Editorial : Pékin : F. Hollande, « diable inconnu » mais forte confiance

La Chine préfère « le diable qu’elle connaît, à celui qu’elle ne connaît pas ».

Après son élection en 2007, Nicolas Sarkozy s’était d’abord profilé à Pékin en « diable », par sa prétention de conditionner sa présence aux JO de 2008 à une avancée des droits de l’homme en ce pays. Mais après quelques mois de bisbille, Hu Jintao en était venu à apprécier son homologue français, et Sarkozy à se créer dans la rue chinoise l’image d’un homme flexible, dynamique et intéressé par la Chine où il s’était rendu à six reprises.

Après l’arrivée de François Hollande, quelle poursuite des relations ? Il faut d’abord le dire, la Chine est plus à l’aise en Europe avec des cabinets de droite que de gauche – plus pragmatiques, moins obnubilés par les questions de droits de l’homme. Cette défiance s’est exprimée en février, quand L. Fabius atterrit à Pékin sans préavis, espérant des rencontres à haut niveau. Ayant trouvé porte de bois, il était reparti plus tôt que prévu, sans cacher sa déception. Peut-être gêné par ce ratage, Pékin a tenté de rattraper le coup auprès d’un Hollande Président, et d’un Fabius pressenti ministre des Affaires étrangères.

Le 07/05, Kong Quan, son ambassadeur à Paris, était le second  dignitaire étranger à venir féliciter François Hollande. Par presse interposée, Hu Jintao tendait la main au vainqueur : « le nouvel hôte de l’Elysée pourra compter sur un  partenaire chinois fiable pour approfondir les relations bilatérales et sino-européennes, et l’aider à sortir l’Union Européenne de son maelström d’endettement ».

Cela dit, Pékin garde en mémoire les propos sur la Chine, tenus en campagne par le candidat Hollande : une hostilité à tout soutien financier chinois à la France (qui altérerait sa souveraineté), un rappel du vieux reproche d’un yuan sous-évalué. Pour rééquilibrer les échanges commerciaux, Hollande préfère aussi une solution communautaire,  comme une taxe des 27 aux exports « des pays ne respectant pas un minimum de protection sociale » des travailleurs.

D’autres voix chinoises s’inquiètent encore de la remise en cause par Hollande du plan communautaire de sauvetage de la crise de la dette des 27, et de son insistance d’y introduire de la croissance. En cas de tempête sur l’Euro, « la Chine en paierait les conséquences».Selon le sondage de Huanqiu (Global Times), 82% des Chinois s’attendent à une dégradation des relations bilatérales suite à l’arrivée de Hollande.

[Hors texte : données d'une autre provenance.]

lemma conv_subset_behaviors:
  assumes "A \<subseteq> behaviors N"
  shows "conv A \<subseteq> behaviors N"
proof
  fix P assume "P \<in> conv A"
  then obtain n and c :: "nat \<Rightarrow> real" and Ps
    where c: "\<forall>i<n. 0 \<le> c i" "(\<Sum>i<n. c i) = 1" and "\<forall>i<n. Ps i \<in> A"
      and P: "P = (\<lambda>a x. \<Sum>i<n. c i * Ps i a x)"
    unfolding conv_def by blast
  then have Ps: "Ps i \<in> behaviors N" if "i < n" for i
    using assms that by blast
  show "P \<in> behaviors N"
    unfolding behaviors_def
  proof (intro CollectI conjI allI impI ballI)
    show "P a x = 0" if "x \<notin> inputs N" for a x
      using Ps that unfolding P behaviors_def by (auto intro!: sum.neutral)
    show "0 \<le> P a x" if "x \<in> inputs N" for a x
      using Ps c that unfolding P behaviors_def by (auto intro!: sum_nonneg)
    show "P False x + P True x = 1" if x: "x \<in> inputs N" for x
    proof -
      have "P False x + P True x = (\<Sum>i<n. c i * (Ps i False x + Ps i True x))"
        unfolding P by (simp add: sum.distrib distrib_left)
      also have "\<dots> = (\<Sum>i<n. c i)"
        using Ps x unfolding behaviors_def by (intro sum.cong) auto
      finally show ?thesis
        using c(2) by simp
    qed
  qed
qed

lemma cond_distr_weighted_average:
  assumes "\<forall>i\<in>A. 0 \<le> c i" "(\<Sum>i\<in>A. c i) \<noteq> 0" "\<forall>i\<in>A. cond_distr K (Qs i)"
  shows "cond_distr K (\<lambda>a ys. (\<Sum>i\<in>A. c i * Qs i a ys) / (\<Sum>i\<in>A. c i))"
  unfolding cond_distr_def
proof (intro allI impI conjI)
  fix ys :: "bool list" assume "length ys = K"
  then have Qs_ys: "0 \<le> Qs i a ys" "Qs i False ys + Qs i True ys = 1" if "i \<in> A" for i a
    using assms(3) that unfolding cond_distr_def by auto
  show "0 \<le> (\<Sum>i\<in>A. c i * Qs i a ys) / (\<Sum>i\<in>A. c i)" for a
    using assms(1) Qs_ys by (auto intro!: divide_nonneg_nonneg sum_nonneg)
  have "(\<Sum>i\<in>A. c i * Qs i False ys) + (\<Sum>i\<in>A. c i * Qs i True ys)
      = (\<Sum>i\<in>A. c i * (Qs i False ys + Qs i True ys))"
    by (simp add: sum.distrib distrib_left)
  also have "\<dots> = (\<Sum>i\<in>A. c i)"
    using Qs_ys by (intro sum.cong) auto
  finally show "(\<Sum>i\<in>A. c i * Qs i False ys) / (\<Sum>i\<in>A. c i)
      + (\<Sum>i\<in>A. c i * Qs i True ys) / (\<Sum>i\<in>A. c i) = 1"
    using assms(2) by (simp add: add_divide_distrib[symmetric])
qed

lemma mixture_regroup:
  fixes c :: "'i \<Rightarrow> real" and jt :: "'i \<Rightarrow> 'j"
  assumes "finite I" "finite T" "jt ` I \<subseteq> T"
    and c: "\<forall>i\<in>I. 0 \<le> c i" "(\<Sum>i\<in>I. c i) = 1"
    and Qs: "\<forall>i\<in>I. cond_distr K (Qs i)"
  obtains q Q where "\<forall>j\<in>T. 0 \<le> q j" "(\<Sum>j\<in>T. q j) = 1" "\<forall>j. cond_distr K (Q j)"
    "\<And>a g. (\<Sum>i\<in>I. c i * Qs i a (g (jt i))) = (\<Sum>j\<in>T. q j * Q j a (g j))"
proof -
  define fiber where "fiber j = {i \<in> I. jt i = j}" for j
  define q where "q j = (\<Sum>i\<in>fiber j. c i)" for j
  \<comment> \<open>On a fiber of weight zero, any conditional distribution will do.\<close>
  define Q where "Q j = (if q j = 0 then (\<lambda>a ys. if a then 1 else 0)
      else (\<lambda>a ys. (\<Sum>i\<in>fiber j. c i * Qs i a ys) / q j))" for j
  have c_fiber: "\<forall>i\<in>fiber j. 0 \<le> c i" for j
    using c(1) unfolding fiber_def by simp
  have q_nonneg: "0 \<le> q j" for j
    unfolding q_def using c_fiber by (simp add: sum_nonneg)
  have group: "(\<Sum>i\<in>I. f i) = (\<Sum>j\<in>T. \<Sum>i\<in>fiber j. f i)" for f :: "'i \<Rightarrow> real"
    unfolding fiber_def by (rule sum.group[OF assms(1-3), symmetric])
  have weighted: "q j * Q j a ys = (\<Sum>i\<in>fiber j. c i * Qs i a ys)" for j a ys
  proof (cases "q j = 0")
    case True
    have "finite (fiber j)"
      using assms(1) unfolding fiber_def by simp
    with True c_fiber have "\<forall>i\<in>fiber j. c i = 0"
      unfolding q_def by (simp add: sum_nonneg_eq_0_iff)
    with True show ?thesis
      by simp
  qed (simp add: Q_def)
  have Q_distr: "cond_distr K (Q j)" for j
  proof (cases "q j = 0")
    case False
    have "\<forall>i\<in>fiber j. cond_distr K (Qs i)"
      using Qs unfolding fiber_def by simp
    with False c_fiber show ?thesis
      unfolding Q_def q_def by (simp add: cond_distr_weighted_average)
  qed (simp add: Q_def cond_distr_def)
  have fiber_sum: "(\<Sum>i\<in>fiber j. c i * Qs i a (g (jt i))) = q j * Q j a (g j)" for a g j
    unfolding weighted fiber_def by (intro sum.cong) simp_all
  show thesis
  proof (rule that)
    show "\<forall>j\<in>T. 0 \<le> q j"
      using q_nonneg by simp
    show "(\<Sum>j\<in>T. q j) = 1"
      using c(2) unfolding group q_def .
    show "\<forall>j. cond_distr K (Q j)"
      using Q_distr by simp
    show "(\<Sum>i\<in>I. c i * Qs i a (g (jt i))) = (\<Sum>j\<in>T. q j * Q j a (g j))" for a g
      unfolding group by (rule sum.cong[OF refl fiber_sum])
  qed
qed

lemma CNK_subset_conv_local_behaviors: "CNK N K \<subseteq> conv (local_behaviors N K)"
proof
  fix P assume "P \<in> CNK N K"
  then obtain q Q where P: "P \<in> behaviors N"
    and q: "\<forall>j\<in>tuples N K. 0 \<le> q j" "(\<Sum>j\<in>tuples N K. q j) = 1"
    and Q: "\<forall>j\<in>tuples N K. cond_distr K (Q j)"
    and decomp: "\<forall>a. \<forall>x\<in>inputs N.
      P a x = (\<Sum>j\<in>tuples N K. q j * Q j a (map (x \<circ> j) [1..<Suc K]))"
    unfolding CNK_def cond_distr_def by blast
  have "P = (\<lambda>a x. \<Sum>j\<in>tuples N K. q j * local_behavior N K j (Q j) a x)"
  proof (intro ext)
    fix a x
    show "P a x = (\<Sum>j\<in>tuples N K. q j * local_behavior N K j (Q j) a x)"
      using P decomp unfolding behaviors_def local_behavior_def
      by (cases "x \<in> inputs N") simp_all
  qed
  also have "\<dots> \<in> conv (local_behaviors N K)"
    using q Q unfolding local_behaviors_def by (intro sum_in_conv finite_tuples) auto
  finally show "P \<in> conv (local_behaviors N K)" .
qed

lemma conv_local_behaviors_subset_CNK: "conv (local_behaviors N K) \<subseteq> CNK N K"
proof
  fix P assume P: "P \<in> conv (local_behaviors N K)"
  then obtain n and c :: "nat \<Rightarrow> real" and Ps
    where c: "\<forall>i<n. 0 \<le> c i" "(\<Sum>i<n. c i) = 1" and "\<forall>i<n. Ps i \<in> local_behaviors N K"
      and P_eq: "P = (\<lambda>a x. \<Sum>i<n. c i * Ps i a x)"
    unfolding conv_def by blast
  then have "\<forall>i<n. \<exists>j Q. j \<in> tuples N K \<and> cond_distr K Q \<and> Ps i = local_behavior N K j Q"
    unfolding local_behaviors_def by blast
  then obtain jt Qs where jt: "\<forall>i<n. jt i \<in> tuples N K \<and> cond_distr K (Qs i)
      \<and> Ps i = local_behavior N K (jt i) (Qs i)"
    by metis
  have regroup_hyps: "jt ` {..<n} \<subseteq> tuples N K" "\<forall>i\<in>{..<n}. 0 \<le> c i"
    "\<forall>i\<in>{..<n}. cond_distr K (Qs i)"
    using c(1) jt by auto
  obtain q Q where q: "\<forall>j\<in>tuples N K. 0 \<le> q j" "(\<Sum>j\<in>tuples N K. q j) = 1"
    and Q: "\<forall>j. cond_distr K (Q j)"
    and regroup: "\<And>a g. (\<Sum>i<n. c i * Qs i a (g (jt i)))
      = (\<Sum>j\<in>tuples N K. q j * Q j a (g j))"
    using mixture_regroup[OF finite_lessThan finite_tuples regroup_hyps(1,2) c(2)
        regroup_hyps(3)]
    by blast
  have "local_behaviors N K \<subseteq> behaviors N"
    unfolding local_behaviors_def using local_behavior_in_behaviors by blast
  then have "P \<in> behaviors N"
    using conv_subset_behaviors P by blast
  moreover have "P a x = (\<Sum>j\<in>tuples N K. q j * Q j a (map (x \<circ> j) [1..<Suc K]))"
    if "x \<in> inputs N" for a x
  proof -
    have "P a x = (\<Sum>i<n. c i * Qs i a (map (x \<circ> jt i) [1..<Suc K]))"
      unfolding P_eq using that jt by (auto intro!: sum.cong simp: local_behavior_def)
    also have "\<dots> = (\<Sum>j\<in>tuples N K. q j * Q j a (map (x \<circ> j) [1..<Suc K]))"
      by (rule regroup)
    finally show ?thesis .
  qed
  ultimately show "P \<in> CNK N K"
    unfolding CNK_def using q Q unfolding cond_distr_def by blast
qed

lemma permutations_with_injective_prefix_eq:
  fixes N K :: nat
  assumes "K \<le> N"
  shows "{\<sigma>. \<sigma> permutes {1..N} \<and>
            (\<exists>g. inj_on g {1..K} \<and> g ` {1..K} \<subseteq> {1..N} \<and> (\<forall>i\<in>{1..K}. \<sigma> i = g i))}
       = {\<sigma>. \<sigma> permutes {1..N}}"
proof -
  have "{1..K} \<subseteq> {1..N}"
    using assms by auto
  then have "inj_on \<sigma> {1..K} \<and> \<sigma> ` {1..K} \<subseteq> {1..N}" if "\<sigma> permutes {1..N}" for \<sigma>
    using permutes_inj_on[OF that] image_mono permutes_image[OF that] by metis
  then show ?thesis
    by blast
qed

theorem lemma1:
  fixes N K :: nat
  assumes "1 \<le> K" and "K \<le> N"
  shows "CNK N K = conv (\<Union>\<sigma> \<in> {\<sigma>. \<sigma> permutes {1..N} \<and>
            (\<exists>g. inj_on g {1..K} \<and> g ` {1..K} \<subseteq> {1..N} \<and> (\<forall>i\<in>{1..K}. \<sigma> i = g i))}.
          Rperm \<sigma> ` embedded N K)"
proof -
  have "CNK N K = conv (local_behaviors N K)"
    using CNK_subset_conv_local_behaviors conv_local_behaviors_subset_CNK by (rule equalityI)
  then show ?thesis
    unfolding permutations_with_injective_prefix_eq[OF assms(2)]
      permuted_embedded_eq_local_behaviors[OF assms(2)] .
qed

end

La Chine du pouvoir, elle, n’y croit pas. Elle en a vu d’autres. Tant de leaders fraîchement sortis des urnes, tel Sarkozy, ont tenté la confrontation pour chercher l’accommodement peu après. Dès le 07/05, le vainqueur des élections est vu à Pékin comme «non gauchiste, mais réformiste et pragmatique, qui gérera la relation en rondeur et souplesse». Tandis qu’en face,   JM. Ayrault, 1er ministre pressenti, prédit une visite du Président français, à l’automne sans doute, et ajoute: «nous respectons la Chine – nous devons discuter entre nos deux pays ». Il y a en effet urgence : sur le front chinois, côté Europe, depuis fin 2011, la France est absente, et c’est l’Allemagne, Angela Merkel seule, qui tient le flambeau de la croissance, comme des relations entre la Chine et l’UE. La France socialiste aura à coeur de se rattraper sur le double front de la ligne politique (austérité et croissance), et du dialogue avec le partenaire chinois.

Un problème pourrait être le déficit au sein du Parti socialiste, de cadres politiques connaissant la Chine – Hollande ne s’y est jamais rendu et vu l’absence de la gauche au pouvoir depuis plus de 10 ans, très peu de ses cadres ont des contacts en l’Empire du Milieu. Bruno Le Roux, Président des amitiés franco-chinoises au Parlement, aurait bien une expérience et un carnet d’adresses utiles, mais il est en passe d’entrer au gouvernement sur un portefeuille qui ne lui permettra pas de valoriser cette compétence. Symptomatiquement, Paul Jean-Ortiz, diplomate de carrière, 55 ans, comptant de longues heures de vol dans ce pays, vient d’être nommé conseiller diplomatique à l’Elysée en «période de transition», l’homme qu’était Jean-David Levitte à Nicolas Sarkozy : une recrue solide, à un moment opportun.